In [41]:
# Misc and Fundamentals
import pandas as pd
import matplotlib.pyplot as plt
import os
import joblib

# Setup 
from sklearn.model_selection import train_test_split
from sklearn.pipeline import Pipeline
from sklearn.compose import ColumnTransformer
from sklearn.compose import make_column_transformer
from sklearn.preprocessing import OneHotEncoder
from sklearn.preprocessing import PolynomialFeatures
from sklearn.model_selection import KFold
from sklearn.model_selection import GridSearchCV

# Models
from sklearn import linear_model
from sklearn import tree
from sklearn import ensemble
import statsmodels.api as sm

# Evaluation
from sklearn.model_selection import cross_val_score
from sklearn.metrics import mean_squared_error

In [42]:
tv_df = pd.read_csv("../Data/data/streaming_titles_clean.csv")
tv_df.head(3)

Unnamed: 0,type,title,director,cast,country,release_year,rating,duration,description,score,...,genre.Coming_of_Age,genre.Anthology,genre.Buddy,genre.Parody,genre.Spy/Espionage,genre.Survival,genre.Soap_Opera_/_Melodrama,genre.Dance,genre.Medical,genre.Disaster
0,Movie,Silent Night,,,,2020,,94.0,"Mark, a low end South London hitman recently r...",56.0,...,False,False,False,False,False,False,False,False,False,False
1,Movie,The Marksman,,,,2021,PG-13,108.0,A hardened Arizona rancher tries to protect an...,57.0,...,False,False,False,False,False,False,False,False,False,False
2,Movie,Gaia,,,,2021,R,97.0,A forest ranger and two survivalists with a cu...,63.0,...,False,False,False,False,False,False,False,False,False,False


In [43]:
# Train/Test split
tv_train, tv_test = train_test_split(tv_df, random_state = 2023) # random state important for evaluation

X = tv_train.loc[:,tv_train.columns != "score"]
y = tv_train["score"]

In [44]:
def fitmodel(model, filename, df = tv_train):
    
    if not os.path.isfile(filename):

        model.fit(X,y)

        joblib.dump(model, filename)

    else:
        modeltemp = joblib.load(filename)
        if (type(model) != type(modeltemp)) or \
            (tuple([k[0] for k in model.steps]) != tuple([k[0] for k in modeltemp.steps])):
            print ("\033[93m Warning: model mismatch.
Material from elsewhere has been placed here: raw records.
lemma subsol_at_gfun_exp_wexponent:
  fixes f P p1 :: "real \<Rightarrow> real"
  assumes \<alpha>: "\<alpha> > 0" and r: "r > 0" and \<rho>: "3 * r \<le> 5 * \<rho>"
    and K: "0 \<le> K" "2 * K \<le> M" and M: "1 \<le> M" "1 / (2 * M) \<le> s0"
    and f_lower: "\<forall>s\<in>{0<..s0}. r * s / (1 + \<bar>ln s\<bar>) powr \<alpha> * (1 - K * s) \<le> f s"
    and S: "open S" "x \<in> S"
    and dP: "\<And>y. y \<in> S \<Longrightarrow> (P has_real_derivative p1 y) (at y)"
    and dp1: "(p1 has_real_derivative p2) (at x)"
    and front: "\<And>y. y \<in> S \<Longrightarrow> 0 < 1 + P y \<and> 0 < (1 + P y) powr (\<alpha> + 1) - \<rho> * (\<alpha> + 1) * t
                                \<and> 1 + ln (2 * M) < wexponent \<alpha> \<rho> t (P y)"
    and flat: "0 \<le> P x" "\<bar>p1 x\<bar> * (1 + P x) powr \<alpha> \<le> \<delta>" "\<bar>p2\<bar> \<le> \<delta> * \<bar>p1 x\<bar>"
    and \<delta>: "0 \<le> \<delta>" "(2 + 2 * \<alpha>) * \<delta>\<^sup>2 \<le> (r - \<rho>) / 2"
    and \<theta>: "\<And>F. 1 + ln (2 * M) \<le> F \<Longrightarrow> (\<rho> + r) / (2 * r) * F powr (- \<alpha>) \<le> (F + ln 2) powr (- \<alpha>)"
  shows "subsol_at f (\<lambda>s y. gfun M (exp (1 - wexponent \<alpha> \<rho> s (P y)))) t x"
proof -
  define F where "F = (\<lambda>y. wexponent \<alpha> \<rho> t (P y))"
  define Fx where "Fx = (\<lambda>y. F y powr (- \<alpha>) * (1 + P y) powr \<alpha> * p1 y)"
  define Fxx where "Fxx = (- \<alpha> * F x powr (- \<alpha> - 1) * Fx x) * (1 + P x) powr \<alpha> * p1 x
    + F x powr (- \<alpha>) * (\<alpha> * (1 + P x) powr (\<alpha> - 1) * p1 x) * p1 x
    + F x powr (- \<alpha>) * (1 + P x) powr \<alpha> * p2"
  define w where "w = exp (1 - F x)"
  have front_x: "0 < 1 + P x" "0 < (1 + P x) powr (\<alpha> + 1) - \<rho> * (\<alpha> + 1) * t" "1 + ln (2 * M) < F x"
    using front[OF S(2)] by (simp_all add: F_def)
  have dF: "(F has_real_derivative Fx y) (at y)" if "y \<in> S" for y
    unfolding F_def Fx_def using wexponent_comp_has_derivative[OF \<alpha> dP[OF that]] front[OF that] by simp
  have dFx: "(Fx has_real_derivative Fxx) (at x)"
    unfolding Fx_def Fxx_def F_def using wexponent_comp_has_second_derivative[OF \<alpha> dP[OF S(2)] dp1] front_x by simp
  have Vt: "((\<lambda>s. gfun M (exp (1 - wexponent \<alpha> \<rho> s (P x)))) has_real_derivative
      (1 - 2 * M * w) * (- w * (- \<rho> * F x powr (- \<alpha>)))) (at t)"
    unfolding w_def F_def by (rule has_derivative_gfun_exp wexponent_has_derivative_time \<alpha> front_x)+
  have Vx: "\<forall>\<^sub>F y in nhds x. ((\<lambda>y. gfun M (exp (1 - F y))) has_real_derivative
      (1 - 2 * M * exp (1 - F y)) * (- exp (1 - F y) * Fx y)) (at y)"
    using eventually_nhds_in_open[OF S] by eventually_elim (rule has_derivative_gfun_exp[OF dF])
  have Vxx: "((\<lambda>y. (1 - 2 * M * exp (1 - F y)) * (- exp (1 - F y) * Fx y)) has_real_derivative
      (1 - 4 * M * w) * w * (Fx x)\<^sup>2 - (1 - 2 * M * w) * w * Fxx) (at x)"
    unfolding w_def by (rule has_second_derivative_gfun_exp[OF dF[OF S(2)] dFx])
  have lnM: "0 \<le> ln (2 * M)"
    using M by simp
  then have F_ge_1: "1 \<le> F x"
    using front_x(3) by linarith
  have "w < exp (- ln (2 * M))"
    using front_x(3) by (simp add: w_def)
  also have "\<dots> = 1 / (2 * M)"
    using M by (simp add: exp_minus inverse_eq_divide)
  finally have w2M: "w < 1 / (2 * M)" .
  then have Mw: "0 < M * w" "M * w \<le> 1 / 2" "w \<le> s0"
    using M(1) order.trans[OF less_imp_le[OF w2M] M(2)] by (auto simp: w_def field_simps)
  have "(Fx x)\<^sup>2 + \<bar>Fxx\<bar> \<le> (2 + 2 * \<alpha>) * \<delta>\<^sup>2 * F x powr (- \<alpha>)"
    using F_ge_1 flat \<delta>
    by (intro second_order_terms_bound[OF \<alpha>, where E = "1 + P x" and Px = "p1 x"])
      (auto simp: Fx_def Fxx_def)
  also have "\<dots> \<le> (r - \<rho>) / 2 * F x powr (- \<alpha>)"
    using \<delta>(2) by (intro mult_right_mono) auto
  finally have diffusion: "(Fx x)\<^sup>2 + \<bar>Fxx\<bar> \<le> (r - \<rho>) / 2 * F x powr (- \<alpha>)" .
  have reaction: "r * w * (1 - M * w) * (1 - M * w / 2) * (F x + ln 2) powr (- \<alpha>) \<le> f (gfun M w)"
    using \<alpha> M by (intro f_gfun_exp_lower_bound[OF _ r K F_ge_1 w_def _ Mw(2,3) f_lower]) auto
  have "(1 - 2 * M * w) * w * \<rho> * F x powr (- \<alpha>)
      - ((1 - 4 * M * w) * w * (Fx x)\<^sup>2 - (1 - 2 * M * w) * w * Fxx) \<le> f (gfun M w)"
    using Mw F_ge_1 front_x(3)
    by (intro subsolution_inequality[OF r \<rho> _ _ _ _ \<theta> diffusion reaction]) (auto simp: w_def)
  then show ?thesis
    unfolding subsol_at_def using Vt Vx Vxx
    by (intro exI conjI) (auto simp: F_def w_def algebra_simps)
qed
Delete the file {filename} and rerun or risk faulty models.\n \033[0m".format(filename=filename))
        model = modeltemp
    
    return model

In [45]:
from sklearn.metrics import get_scorer_names
get_scorer_names()[20:]

['max_error',
 'mutual_info_score',
 'neg_brier_score',
 'neg_log_loss',
 'neg_mean_absolute_error',
 'neg_mean_absolute_percentage_error',
 'neg_mean_gamma_deviance',
 'neg_mean_poisson_deviance',
 'neg_mean_squared_error',
 'neg_mean_squared_log_error',
 'neg_median_absolute_error',
 'neg_negative_likelihood_ratio',
 'neg_root_mean_squared_error',
 'normalized_mutual_info_score',
 'positive_likelihood_ratio',
 'precision',
 'precision_macro',
 'precision_micro',
 'precision_samples',
 'precision_weighted',
 'r2',
 'rand_score',
 'recall',
 'recall_macro',
 'recall_micro',
 'recall_samples',
 'recall_weighted',
 'roc_auc',
 'roc_auc_ovo',
 'roc_auc_ovo_weighted',
 'roc_auc_ovr',
 'roc_auc_ovr_weighted',
 'top_k_accuracy',
 'v_measure_score']

In [71]:
from numpy import mean, std
print("mean: %0.1f, rMSE: %0.4f"% (mean(y.values),std(y.values)))

mean: 48.4, rMSE: 21.7000


In [76]:
lm_predictors = list(tv_df.columns[tv_df.columns.str.startswith("genre")]) + ["release_year"]
# print(lm_predictors)

lm_pipe = Pipeline(steps =  [
    ("predictors", ColumnTransformer([("predictors","passthrough",lm_predictors)])),
    #("onehot",make_column_transformer((OneHotEncoder(), ['rating']),remainder='passthrough')),
    ("linear_regression", linear_model.LinearRegression())
    ])

tv_folded = KFold(n_splits = 5).split(X,y)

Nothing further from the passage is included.